**Task prompt**
Look below for the line containing "from insert.prems insert.hyps" and the line containing "define g where"; repeat exactly those two lines and all lines between them, and nothing else.

**Input data**
(* Let $1\leq k<n$ and let $G$ be a graph of order $n$. Then $q_{k+1}(G)=n-2$ if and only if the complement $\overline{G}$ has at least $k$ balanced bipartite components or at least $k+1$ bipartite components.
   Context: All graphs are finite and simple. For a graph $G$ with adjacency matrix $A$ and diagonal degree matrix $D$, the signless Laplacian is $Q(G)=A+D$; its eigenvalues are denoted $q_1(G)\geq q_2(G)\geq\cdots\geq q_n(G)$. $\overline{G}$ denotes the complement of $G$. A connected bipartite graph is called balanced if its two vertex classes have equal size, and unbalanced otherwise; an isolated vertex is considered to be an (unbalanced) bipartite component with one empty vertex class. A bipartite component of a graph means a connected component that is bipartite (including isolated vertices). *)

theory Defs
  imports "Jordan_Normal_Form.Char_Poly" "HOL-Computational_Algebra.Polynomial"
    "HOL-Library.Multiset"
begin

definition simple_graph :: "nat \<Rightarrow> (nat \<Rightarrow> nat \<Rightarrow> bool) \<Rightarrow> bool" where
  "simple_graph n E \<longleftrightarrow> (\<forall>i j. E i j \<longrightarrow> i < n \<and> j < n \<and> i \<noteq> j \<and> E j i)"

definition complement :: "nat \<Rightarrow> (nat \<Rightarrow> nat \<Rightarrow> bool) \<Rightarrow> nat \<Rightarrow> nat \<Rightarrow> bool" where
  "complement n E i j \<longleftrightarrow> i < n \<and> j < n \<and> i \<noteq> j \<and> \<not> E i j"

definition degree :: "nat \<Rightarrow> (nat \<Rightarrow> nat \<Rightarrow> bool) \<Rightarrow> nat \<Rightarrow> nat" where
  "degree n E i = card {j \<in> {0..<n}. E i j}"

definition signless_laplacian :: "nat \<Rightarrow> (nat \<Rightarrow> nat \<Rightarrow> bool) \<Rightarrow> real mat" where
  "signless_laplacian n E = mat n n (\<lambda>(i, j).
     (if E i j then 1 else 0) + (if i = j then real (degree n E i) else 0))"

text \<open>Eigenvalues of Q (roots of the characteristic polynomial, with multiplicity),
  sorted non-increasingly; q_i is the i-th one (1-based).\<close>
definition q_eig :: "nat \<Rightarrow> (nat \<Rightarrow> nat \<Rightarrow> bool) \<Rightarrow> nat \<Rightarrow> real" where
  "q_eig n E i =
     rev (sorted_list_of_multiset (proots (char_poly (signless_laplacian n E)))) ! (i - 1)"

definition components :: "nat \<Rightarrow> (nat \<Rightarrow> nat \<Rightarrow> bool) \<Rightarrow> nat set set" where
  "components n E = {{u. E\<^sup>*\<^sup>* v u} | v. v < n}"

definition bipartition :: "(nat \<Rightarrow> nat \<Rightarrow> bool) \<Rightarrow> nat set \<Rightarrow> nat set \<Rightarrow> nat set \<Rightarrow> bool" where
  "bipartition E C X Y \<longleftrightarrow> X \<union> Y = C \<and> X \<inter> Y = {} \<and>
     (\<forall>x\<in>X. \<forall>y\<in>X. \<not> E x y) \<and> (\<forall>x\<in>Y. \<forall>y\<in>Y. \<not> E x y)"

definition bipartite_comp :: "(nat \<Rightarrow> nat \<Rightarrow> bool) \<Rightarrow> nat set \<Rightarrow> bool" where
  "bipartite_comp E C \<longleftrightarrow> (\<exists>X Y. bipartition E C X Y)"

text \<open>Connected bipartite graphs have a unique bipartition, so this is well defined.\<close>
definition balanced_comp :: "(nat \<Rightarrow> nat \<Rightarrow> bool) \<Rightarrow> nat set \<Rightarrow> bool" where
  "balanced_comp E C \<longleftrightarrow> (\<exists>X Y. bipartition E C X Y \<and> card X = card Y)"

end

theory Submission
  imports Defs "HOL-Computational_Algebra.Fundamental_Theorem_Algebra"
begin

(*
  Q(G) denotes the signless Laplacian of G and H the complement of G.  Since
  Q(G) + Q(H) = (n - 2) I + J, for every vector x

      x.Q(G)x - (n - 2) x.x  =  (sum_i x_i)^2 - sum_{ij in E(H)} (x_i + x_j)^2.

  The kernel of the quadratic form of Q(H) consists of the "alternating" vectors
  (x_i + x_j = 0 on every edge of H); it is spanned by the signed indicators of the
  bipartite components of H.  Counting eigenvalues of Q(G) that are >= n - 2 or
  > n - 2 then becomes a Courant-Fischer argument with explicit test subspaces:
  at most one eigenvalue exceeds n - 2, and the number N of eigenvalues >= n - 2
  satisfies |Bip| <= N <= |Bip| + 1, where Bip is the set of bipartite components;
  N = |Bip| if some bipartite component is unbalanced, and N = |Bip| + 1 if all
  of them are balanced and there is at least one.
*)

lemma homogeneous_system_nontrivial_solution:
  fixes f :: "'i \<Rightarrow> 'j \<Rightarrow> real"
  assumes "finite I" "finite J" "card I < card J"
  shows "\<exists>c. (\<exists>j\<in>J. c j \<noteq> 0) \<and> (\<forall>i\<in>I. (\<Sum>j\<in>J. f i j * c j) = 0)"
  using assms
proof (induction I arbitrary: J f rule: finite_induct)
  case empty
  then have "J \<noteq> {}" by auto
  then show ?case by (intro exI[of _ "\<lambda>j. 1"]) auto
next
  case (insert i0 I)
  show ?case
  proof (cases "\<forall>j\<in>J. f i0 j = 0")
    case True
    from insert.prems insert.hyps have "card I < card J" by simp
    from insert.IH[OF insert.prems(1) this, of f] True show ?thesis by auto
  next
    case False
    \<comment> \<open>Eliminate the unknown j0 using the equation of row i0.\<close>
    then obtain j0 where j0: "j0 \<in> J" "f i0 j0 \<noteq> 0" by blast
    define J' where "J' = J - {j0}"
    define g where "g i j = f i j - f i j0 * f i0 j / f i0 j0" for i j
    have "finite J'" "card J' = card J - 1"
      unfolding J'_def using j0 insert.prems by auto
    moreover have "card I < card J'" using insert.prems insert.hyps calculation by simp
    ultimately obtain c' where
      c': "\<exists>j\<in>J'. c' j \<noteq> 0" "\<forall>i\<in>I. (\<Sum>j\<in>J'. g i j * c' j) = 0"
      using insert.IH[of J' g] by blast
    define c where "c j = (if j = j0 then - (\<Sum>j\<in>J'. f i0 j * c' j) / f i0 j0 else c' j)" for j
    have split: "(\<Sum>j\<in>J. f i j * c j) = f i j0 * c j0 + (\<Sum>j\<in>J'. f i j * c' j)" for i
    proof -
      have "(\<Sum>j\<in>J. f i j * c j) = f i j0 * c j0 + (\<Sum>j\<in>J'. f i j * c j)"
        unfolding J'_def using j0 insert.prems by (simp add: sum.remove)
      also have "(\<Sum>j\<in>J'. f i j * c j) = (\<Sum>j\<in>J'. f i j * c' j)"
        by (rule sum.cong) (auto simp: c_def J'_def)
      finally show ?thesis .
    qed
    have "(\<Sum>j\<in>J. f i j * c j) = 0" if i: "i \<in> insert i0 I" for i
    proof (cases "i = i0")
      case True
      then show ?thesis unfolding split using j0 by (simp add: c_def)
    next
      case False
      then have "(\<Sum>j\<in>J'. g i j * c' j) = 0" using i c' by auto
      moreover have "(\<Sum>j\<in>J'. g i j * c' j) = (\<Sum>j\<in>J'. f i j * c' j)
          - f i j0 / f i0 j0 * (\<Sum>j\<in>J'. f i0 j * c' j)"
        unfolding g_def by (simp add: sum_distrib_left sum_subtractf algebra_simps)
      ultimately show ?thesis unfolding split using j0 by (simp add: c_def)
    qed
    moreover have "\<exists>j\<in>J. c j \<noteq> 0" using c' by (auto simp: c_def J'_def)
    ultimately show ?thesis by blast
  qed
qed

**The completed task**
    from insert.prems insert.hyps have "card I < card J" by simp
    from insert.IH[OF insert.prems(1) this, of f] True show ?thesis by auto
  next
    case False
    \<comment> \<open>Eliminate the unknown j0 using the equation of row i0.\<close>
    then obtain j0 where j0: "j0 \<in> J" "f i0 j0 \<noteq> 0" by blast
    define J' where "J' = J - {j0}"
    define g where "g i j = f i j - f i j0 * f i0 j / f i0 j0" for i j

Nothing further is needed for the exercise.